I don’t think that any one person is the author of this insight (but I’ll credit them if I’m mistaken).  The thinking is as follows:

We now have a network of modern city centres and regional malls across the UK.  These provide up-to-date retail space, with the flexibility in size and height that modern retail chains seek.  By way of comparison, here’s Westfield at White City:

…and here’s a typical mall from the 1980s (in this case, a roofed-over 1960s construction):

The best shopping centres are offering their customers more than ever before; the rest of the field is struggling to keep up.  And a high proportion of the total population is now within 30 minutes drive-time of a first class mall or city centre.

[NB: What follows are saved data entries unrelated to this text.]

lemma equicorrelated_variance_ratio_bound:
  fixes a b m :: real and n k :: nat
  assumes "1 \<le> k" "k \<le> n"
    and var_nonneg: "0 \<le> real n * a + real n * (real n - 1) * b - (real n * m)\<^sup>2"
    and mixed_le: "2 \<le> k \<Longrightarrow> b \<le> a"
  shows "real k * a + real k * (real k - 1) * b - (real k * m)\<^sup>2
    \<le> real k / real n * (real n * a)
      + (real k)\<^sup>2 / (real n)\<^sup>2 * (real n * a + real n * (real n - 1) * b - (real n * m)\<^sup>2)"
proof -
  have n_pos: "0 < real n"
    using assms(1,2) by simp
  have "real n * (a + (real n - 1) * b)
      = (real n * a + real n * (real n - 1) * b - (real n * m)\<^sup>2) + (real n * m)\<^sup>2"
    by (simp add: algebra_simps)
  then have "0 \<le> real n * (a + (real n - 1) * b)"
    using var_nonneg by (metis add_nonneg_nonneg zero_le_power2)
  then have "0 \<le> a + (real n - 1) * b"
    using n_pos by (simp add: zero_le_mult_iff)
  moreover have "0 \<le> (real k - 1) * (a - b)"
    using assms(1) mixed_le by (cases "k = 1") auto
  moreover have "real n * b + real k * (a - b) = (a + (real n - 1) * b) + (real k - 1) * (a - b)"
    by (simp add: algebra_simps)
  ultimately have "0 \<le> real k / real n * (real n * b + real k * (a - b))"
    by simp
  also have "\<dots> = real k / real n * (real n * a)
      + (real k)\<^sup>2 / (real n)\<^sup>2 * (real n * a + real n * (real n - 1) * b - (real n * m)\<^sup>2)
      - (real k * a + real k * (real k - 1) * b - (real k * m)\<^sup>2)"
    using n_pos by (simp add: field_simps power2_eq_square)
  finally show ?thesis by simp
qed

lemma exchangeable_integral_sum_comp:
  fixes g :: "real \<Rightarrow> real"
  assumes "\<And>i. i \<in> {1..n} \<Longrightarrow> \<xi> i \<in> borel_measurable M" and "exchangeable M n \<xi>"
    and "p \<le> n" and "g \<in> borel_measurable borel"
    and "\<And>i. i \<in> {1..n} \<Longrightarrow> integrable M (\<lambda>\<omega>. g (\<xi> i \<omega>))"
  shows "(\<integral>\<omega>. (\<Sum>i=1..p. g (\<xi> i \<omega>)) \<partial>M) = real p * (\<integral>\<omega>. g (\<xi> 1 \<omega>) \<partial>M)"
proof -
  have "(\<integral>\<omega>. (\<Sum>i=1..p. g (\<xi> i \<omega>)) \<partial>M) = (\<Sum>i=1..p. \<integral>\<omega>. g (\<xi> i \<omega>) \<partial>M)"
    using assms(3,5) by (intro Bochner_Integration.integral_sum) auto
  also have "\<dots> = (\<Sum>i=1..p. \<integral>\<omega>. g (\<xi> 1 \<omega>) \<partial>M)"
    using \<open>p \<le> n\<close> by (intro sum.cong exchangeable_integral_comp_eq[OF assms(1,2) _ _ assms(4)]) auto
  finally show ?thesis
    by simp
qed

lemma (in prob_space) variance_partial_sum_exchangeable:
  fixes \<xi> :: "nat \<Rightarrow> 'a \<Rightarrow> real"
  assumes meas: "\<And>i. i \<in> {1..n} \<Longrightarrow> \<xi> i \<in> borel_measurable M" and exch: "exchangeable M n \<xi>"
    and sq_int: "\<And>i. i \<in> {1..n} \<Longrightarrow> integrable M (\<lambda>\<omega>. (\<xi> i \<omega>)\<^sup>2)"
    and "p \<le> n"
  shows "variance (\<lambda>\<omega>. \<Sum>i=1..p. \<xi> i \<omega>)
    = real p * expectation (\<lambda>\<omega>. (\<xi> 1 \<omega>)\<^sup>2)
      + real p * (real p - 1) * expectation (\<lambda>\<omega>. \<xi> 1 \<omega> * \<xi> 2 \<omega>)
      - (real p * expectation (\<xi> 1))\<^sup>2"
proof -
  have sub: "i \<in> {1..n}" "1 \<in> {1..n}" if "i \<in> {1..p}" for i
    using that \<open>p \<le> n\<close> by auto
  have mean: "expectation (\<xi> i) = expectation (\<xi> 1)" if "i \<in> {1..p}" for i
    using exchangeable_integral_comp_eq[OF meas exch sub[OF that], of "\<lambda>x. x"] by simp
  have second: "expectation (\<lambda>\<omega>. (\<xi> i \<omega>)\<^sup>2) = expectation (\<lambda>\<omega>. (\<xi> 1 \<omega>)\<^sup>2)"
    if "i \<in> {1..p}" for i
    using exchangeable_integral_comp_eq[OF meas exch sub[OF that], of "\<lambda>x. x\<^sup>2"] by simp
  have mixed: "expectation (\<lambda>\<omega>. \<xi> i \<omega> * \<xi> j \<omega>) = expectation (\<lambda>\<omega>. \<xi> 1 \<omega> * \<xi> 2 \<omega>)"
    if "i \<in> {1..p}" "j \<in> {1..p}" "i \<noteq> j" for i j
  proof (rule exchangeable_integral_pair_eq[OF meas exch])
    show "(\<lambda>(x::real, y). x * y) \<in> borel_measurable borel"
      unfolding borel_prod[symmetric] by measurable
  qed (use that \<open>p \<le> n\<close> in auto)
  have "variance (\<lambda>\<omega>. \<Sum>i\<in>{1..p}. \<xi> i \<omega>)
    = real (card {1..p}) * expectation (\<lambda>\<omega>. (\<xi> 1 \<omega>)\<^sup>2)
      + real (card {1..p}) * (real (card {1..p}) - 1) * expectation (\<lambda>\<omega>. \<xi> 1 \<omega> * \<xi> 2 \<omega>)
      - (real (card {1..p}) * expectation (\<xi> 1))\<^sup>2"
    using meas sq_int sub
    by (intro variance_sum_equicorrelated[OF finite_atLeastAtMost _ _ mean second mixed]) blast+
  then show ?thesis
    by simp
qed

lemma (in prob_space) exchangeable_mixed_moment_le_second_moment:
  fixes \<xi> :: "nat \<Rightarrow> 'a \<Rightarrow> real"
  assumes meas: "\<And>i. i \<in> {1..n} \<Longrightarrow> \<xi> i \<in> borel_measurable M" and exch: "exchangeable M n \<xi>"
    and sq_int: "\<And>i. i \<in> {1..n} \<Longrightarrow> integrable M (\<lambda>\<omega>. (\<xi> i \<omega>)\<^sup>2)"
    and "2 \<le> n"
  shows "expectation (\<lambda>\<omega>. \<xi> 1 \<omega> * \<xi> 2 \<omega>) \<le> expectation (\<lambda>\<omega>. (\<xi> 1 \<omega>)\<^sup>2)"
proof (rule expectation_mult_le_of_equal_second_moments)
  have in_range: "1 \<in> {1..n}" "2 \<in> {1..n}"
    using \<open>2 \<le> n\<close> by auto
  then show "random_variable borel (\<xi> 1)" "random_variable borel (\<xi> 2)"
    "integrable M (\<lambda>\<omega>. (\<xi> 1 \<omega>)\<^sup>2)" "integrable M (\<lambda>\<omega>. (\<xi> 2 \<omega>)\<^sup>2)"
    using meas sq_int by auto
  show "expectation (\<lambda>\<omega>. (\<xi> 2 \<omega>)\<^sup>2) = expectation (\<lambda>\<omega>. (\<xi> 1 \<omega>)\<^sup>2)"
    using exchangeable_integral_comp_eq[OF meas exch in_range(2,1), of "\<lambda>x. x\<^sup>2"] by simp
qed simp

The other motor of change is, of course, online shopping; as this blog far-from-exclusively confirmed last week, the UK leads the world in adopting online retail, with 9% of all sales (by value) going to internet sites rather than bricks-and-mortar stores.

Two of Britain’s strongest retailers, John Lewis and Next, announced their Christmas trading results yesterday, and they underline the trends above.  JLP has had a soaraway Christmas, with its stores anchoring many of the “key 80” locations.  Total Partnership sales from physical stores are up by 9.3%, and online growth has roared away, up 27.9%.  Next’s total sales were up by 3.1%, but this was a tale of two formats; stores were down -2.7%, and online was up +16.9%.  John Lewis has fewer than 40 department stores; Next has around 500 shops.

Of course, different stores have different demographics.  A high-fashion teen chain and a smart furniture business might both prosper with 50 stores nationwide, but their customers wouldn’t all be best served by the same locations.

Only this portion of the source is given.